START Records to process

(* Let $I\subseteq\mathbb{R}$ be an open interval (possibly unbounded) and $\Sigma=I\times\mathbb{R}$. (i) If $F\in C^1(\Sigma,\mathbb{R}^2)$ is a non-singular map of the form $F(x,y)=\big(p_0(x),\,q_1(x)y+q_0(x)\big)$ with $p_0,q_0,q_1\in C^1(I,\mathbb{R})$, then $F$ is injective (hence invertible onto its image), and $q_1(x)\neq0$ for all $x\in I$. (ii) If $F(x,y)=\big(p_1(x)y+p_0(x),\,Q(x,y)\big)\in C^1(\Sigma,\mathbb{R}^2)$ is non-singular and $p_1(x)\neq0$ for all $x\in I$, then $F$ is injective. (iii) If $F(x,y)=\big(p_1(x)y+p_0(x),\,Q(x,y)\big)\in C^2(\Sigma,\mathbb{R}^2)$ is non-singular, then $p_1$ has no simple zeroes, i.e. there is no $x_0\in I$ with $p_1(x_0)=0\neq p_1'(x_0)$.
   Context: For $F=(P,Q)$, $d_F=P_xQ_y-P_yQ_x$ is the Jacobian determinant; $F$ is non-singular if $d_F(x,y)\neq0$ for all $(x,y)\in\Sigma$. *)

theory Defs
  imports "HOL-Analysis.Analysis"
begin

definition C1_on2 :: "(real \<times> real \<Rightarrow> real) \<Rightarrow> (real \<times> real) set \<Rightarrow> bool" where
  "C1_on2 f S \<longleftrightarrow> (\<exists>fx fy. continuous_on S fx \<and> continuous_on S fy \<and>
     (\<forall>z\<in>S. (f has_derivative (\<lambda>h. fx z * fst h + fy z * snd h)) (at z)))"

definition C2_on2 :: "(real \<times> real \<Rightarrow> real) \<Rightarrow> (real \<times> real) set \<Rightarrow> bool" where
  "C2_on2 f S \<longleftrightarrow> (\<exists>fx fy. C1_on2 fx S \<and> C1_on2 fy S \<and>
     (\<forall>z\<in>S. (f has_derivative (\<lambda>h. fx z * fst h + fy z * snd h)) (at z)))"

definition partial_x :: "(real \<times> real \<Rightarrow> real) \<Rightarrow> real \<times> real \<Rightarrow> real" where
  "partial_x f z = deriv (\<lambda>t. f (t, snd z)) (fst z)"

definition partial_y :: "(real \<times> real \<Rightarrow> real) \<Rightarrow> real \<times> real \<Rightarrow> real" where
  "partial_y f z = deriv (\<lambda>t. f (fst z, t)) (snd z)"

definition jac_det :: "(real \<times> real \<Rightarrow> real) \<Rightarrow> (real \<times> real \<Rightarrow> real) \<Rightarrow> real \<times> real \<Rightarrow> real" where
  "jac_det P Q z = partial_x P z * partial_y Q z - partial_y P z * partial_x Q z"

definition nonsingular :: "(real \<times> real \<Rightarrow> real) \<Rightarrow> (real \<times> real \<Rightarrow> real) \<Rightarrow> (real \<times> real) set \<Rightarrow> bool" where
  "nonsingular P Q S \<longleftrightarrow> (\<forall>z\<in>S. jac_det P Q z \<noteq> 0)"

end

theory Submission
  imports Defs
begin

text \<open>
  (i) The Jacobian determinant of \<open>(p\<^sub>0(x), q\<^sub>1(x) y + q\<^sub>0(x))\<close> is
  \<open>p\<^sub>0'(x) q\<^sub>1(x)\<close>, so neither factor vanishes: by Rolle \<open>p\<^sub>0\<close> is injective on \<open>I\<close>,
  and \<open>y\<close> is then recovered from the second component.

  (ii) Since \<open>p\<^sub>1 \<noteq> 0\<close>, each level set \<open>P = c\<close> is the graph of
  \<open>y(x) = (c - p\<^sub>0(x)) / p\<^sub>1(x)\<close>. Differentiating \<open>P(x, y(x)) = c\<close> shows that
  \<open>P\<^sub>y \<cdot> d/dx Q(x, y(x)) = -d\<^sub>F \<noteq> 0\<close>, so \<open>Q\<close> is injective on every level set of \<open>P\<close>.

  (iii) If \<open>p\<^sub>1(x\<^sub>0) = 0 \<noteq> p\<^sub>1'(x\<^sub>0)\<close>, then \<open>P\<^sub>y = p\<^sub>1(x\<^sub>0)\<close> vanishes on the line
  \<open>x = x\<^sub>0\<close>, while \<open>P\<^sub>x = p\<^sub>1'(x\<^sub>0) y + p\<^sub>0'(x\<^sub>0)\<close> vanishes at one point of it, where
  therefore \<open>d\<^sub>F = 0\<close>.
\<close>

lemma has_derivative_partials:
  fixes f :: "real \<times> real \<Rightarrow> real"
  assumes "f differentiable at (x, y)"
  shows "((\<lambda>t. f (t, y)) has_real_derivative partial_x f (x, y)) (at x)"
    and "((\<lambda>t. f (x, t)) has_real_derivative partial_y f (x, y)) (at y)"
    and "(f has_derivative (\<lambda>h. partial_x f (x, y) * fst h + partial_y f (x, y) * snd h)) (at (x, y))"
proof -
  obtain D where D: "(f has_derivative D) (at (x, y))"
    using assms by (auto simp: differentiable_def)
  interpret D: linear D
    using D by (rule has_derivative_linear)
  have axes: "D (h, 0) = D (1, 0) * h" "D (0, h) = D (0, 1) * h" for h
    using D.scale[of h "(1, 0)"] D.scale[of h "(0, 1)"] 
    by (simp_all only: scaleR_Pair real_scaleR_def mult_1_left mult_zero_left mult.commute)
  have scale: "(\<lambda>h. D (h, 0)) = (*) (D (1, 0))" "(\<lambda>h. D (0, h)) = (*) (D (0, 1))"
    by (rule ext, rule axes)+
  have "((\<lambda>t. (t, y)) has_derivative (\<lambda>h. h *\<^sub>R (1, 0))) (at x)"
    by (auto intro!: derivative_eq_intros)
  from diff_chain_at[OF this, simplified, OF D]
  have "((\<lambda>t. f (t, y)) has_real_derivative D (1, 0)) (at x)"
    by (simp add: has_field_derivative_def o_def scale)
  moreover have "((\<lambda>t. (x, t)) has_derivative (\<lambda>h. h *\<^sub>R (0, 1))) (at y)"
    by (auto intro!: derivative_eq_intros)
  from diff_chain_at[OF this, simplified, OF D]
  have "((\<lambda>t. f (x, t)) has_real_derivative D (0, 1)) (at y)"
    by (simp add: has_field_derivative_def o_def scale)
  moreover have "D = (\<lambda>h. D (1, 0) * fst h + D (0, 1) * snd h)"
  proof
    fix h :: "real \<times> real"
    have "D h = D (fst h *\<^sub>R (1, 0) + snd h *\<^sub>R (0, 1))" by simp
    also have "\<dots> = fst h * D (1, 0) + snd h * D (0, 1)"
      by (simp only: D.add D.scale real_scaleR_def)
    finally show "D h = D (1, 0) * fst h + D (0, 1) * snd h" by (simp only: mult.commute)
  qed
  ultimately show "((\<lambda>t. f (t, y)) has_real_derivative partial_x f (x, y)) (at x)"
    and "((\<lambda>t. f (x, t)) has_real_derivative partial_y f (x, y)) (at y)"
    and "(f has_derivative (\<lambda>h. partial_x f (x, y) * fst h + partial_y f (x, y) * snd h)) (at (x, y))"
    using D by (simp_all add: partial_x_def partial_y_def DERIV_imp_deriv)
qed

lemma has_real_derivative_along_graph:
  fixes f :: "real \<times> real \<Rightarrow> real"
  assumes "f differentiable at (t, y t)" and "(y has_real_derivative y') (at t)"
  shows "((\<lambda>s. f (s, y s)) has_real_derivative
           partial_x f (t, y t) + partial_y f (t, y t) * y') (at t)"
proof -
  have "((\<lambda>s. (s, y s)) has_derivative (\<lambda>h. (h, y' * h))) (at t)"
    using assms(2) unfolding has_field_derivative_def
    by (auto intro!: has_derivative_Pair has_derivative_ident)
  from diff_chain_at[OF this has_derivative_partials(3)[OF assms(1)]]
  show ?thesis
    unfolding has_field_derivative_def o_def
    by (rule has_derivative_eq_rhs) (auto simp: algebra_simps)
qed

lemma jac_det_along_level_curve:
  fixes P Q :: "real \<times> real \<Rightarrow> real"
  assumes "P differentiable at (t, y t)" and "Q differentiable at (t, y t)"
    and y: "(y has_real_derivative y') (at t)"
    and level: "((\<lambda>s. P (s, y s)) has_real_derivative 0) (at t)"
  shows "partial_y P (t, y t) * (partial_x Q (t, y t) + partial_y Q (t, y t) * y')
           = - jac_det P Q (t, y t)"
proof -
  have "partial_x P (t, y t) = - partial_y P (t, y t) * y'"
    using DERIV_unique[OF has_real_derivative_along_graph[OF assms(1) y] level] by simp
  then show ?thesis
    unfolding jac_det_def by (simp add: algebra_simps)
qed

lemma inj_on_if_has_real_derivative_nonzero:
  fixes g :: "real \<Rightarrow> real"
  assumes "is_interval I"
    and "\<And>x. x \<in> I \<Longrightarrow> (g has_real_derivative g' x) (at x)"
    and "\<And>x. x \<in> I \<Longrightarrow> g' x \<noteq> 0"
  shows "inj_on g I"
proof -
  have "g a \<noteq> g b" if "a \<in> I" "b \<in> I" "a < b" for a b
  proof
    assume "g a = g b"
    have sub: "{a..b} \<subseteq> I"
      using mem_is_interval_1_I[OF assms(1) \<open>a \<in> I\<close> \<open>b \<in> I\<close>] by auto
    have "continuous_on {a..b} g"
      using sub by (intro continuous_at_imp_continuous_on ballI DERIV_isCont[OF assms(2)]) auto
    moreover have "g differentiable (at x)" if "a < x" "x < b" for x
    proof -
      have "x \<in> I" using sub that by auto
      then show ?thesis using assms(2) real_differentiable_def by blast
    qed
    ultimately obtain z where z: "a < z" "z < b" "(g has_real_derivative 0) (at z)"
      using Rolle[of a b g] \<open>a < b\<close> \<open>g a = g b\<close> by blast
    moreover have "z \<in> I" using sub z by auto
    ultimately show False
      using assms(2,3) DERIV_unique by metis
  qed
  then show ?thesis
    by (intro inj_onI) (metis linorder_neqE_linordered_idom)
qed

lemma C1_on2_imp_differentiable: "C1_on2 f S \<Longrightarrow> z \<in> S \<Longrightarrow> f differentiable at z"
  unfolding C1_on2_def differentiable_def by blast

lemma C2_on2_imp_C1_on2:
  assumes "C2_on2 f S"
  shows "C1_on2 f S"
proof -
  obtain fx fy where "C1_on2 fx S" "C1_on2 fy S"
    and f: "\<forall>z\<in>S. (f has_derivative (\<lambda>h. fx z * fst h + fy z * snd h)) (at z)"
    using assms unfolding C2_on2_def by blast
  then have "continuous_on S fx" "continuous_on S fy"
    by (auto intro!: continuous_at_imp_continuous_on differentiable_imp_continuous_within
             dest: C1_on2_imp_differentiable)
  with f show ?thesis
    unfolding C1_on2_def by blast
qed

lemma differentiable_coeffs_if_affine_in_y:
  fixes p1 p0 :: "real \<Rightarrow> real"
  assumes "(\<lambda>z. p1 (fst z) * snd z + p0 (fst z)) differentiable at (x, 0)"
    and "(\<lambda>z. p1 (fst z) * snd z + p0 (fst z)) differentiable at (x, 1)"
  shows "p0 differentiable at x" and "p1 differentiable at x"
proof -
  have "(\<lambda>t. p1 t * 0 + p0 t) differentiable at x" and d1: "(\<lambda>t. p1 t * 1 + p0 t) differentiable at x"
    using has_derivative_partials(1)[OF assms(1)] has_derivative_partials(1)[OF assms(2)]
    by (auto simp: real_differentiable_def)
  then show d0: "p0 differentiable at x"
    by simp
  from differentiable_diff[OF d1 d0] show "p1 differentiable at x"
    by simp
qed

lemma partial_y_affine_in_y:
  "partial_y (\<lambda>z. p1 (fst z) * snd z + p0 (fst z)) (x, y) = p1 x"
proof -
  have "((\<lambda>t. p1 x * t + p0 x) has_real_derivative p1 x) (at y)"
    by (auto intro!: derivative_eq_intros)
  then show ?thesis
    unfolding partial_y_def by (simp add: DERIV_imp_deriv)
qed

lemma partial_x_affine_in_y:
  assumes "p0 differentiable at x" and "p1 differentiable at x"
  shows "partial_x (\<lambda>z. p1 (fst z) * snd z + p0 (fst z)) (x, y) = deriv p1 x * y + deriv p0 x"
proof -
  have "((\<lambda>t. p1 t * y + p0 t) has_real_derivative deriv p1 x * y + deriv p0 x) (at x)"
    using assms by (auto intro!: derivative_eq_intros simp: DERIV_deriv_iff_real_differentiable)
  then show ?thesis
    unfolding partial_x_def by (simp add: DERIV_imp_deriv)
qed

END Records to process

Every line in the data that holds the string "assumes" should be copied.

  assumes "f differentiable at (x, y)"
  assumes "f differentiable at (t, y t)" and "(y has_real_derivative y') (at t)"
  assumes "P differentiable at (t, y t)" and "Q differentiable at (t, y t)"
  assumes "is_interval I"
  assumes "C2_on2 f S"
  assumes "(\<lambda>z. p1 (fst z) * snd z + p0 (fst z)) differentiable at (x, 0)"
  assumes "p0 differentiable at x" and "p1 differentiable at x"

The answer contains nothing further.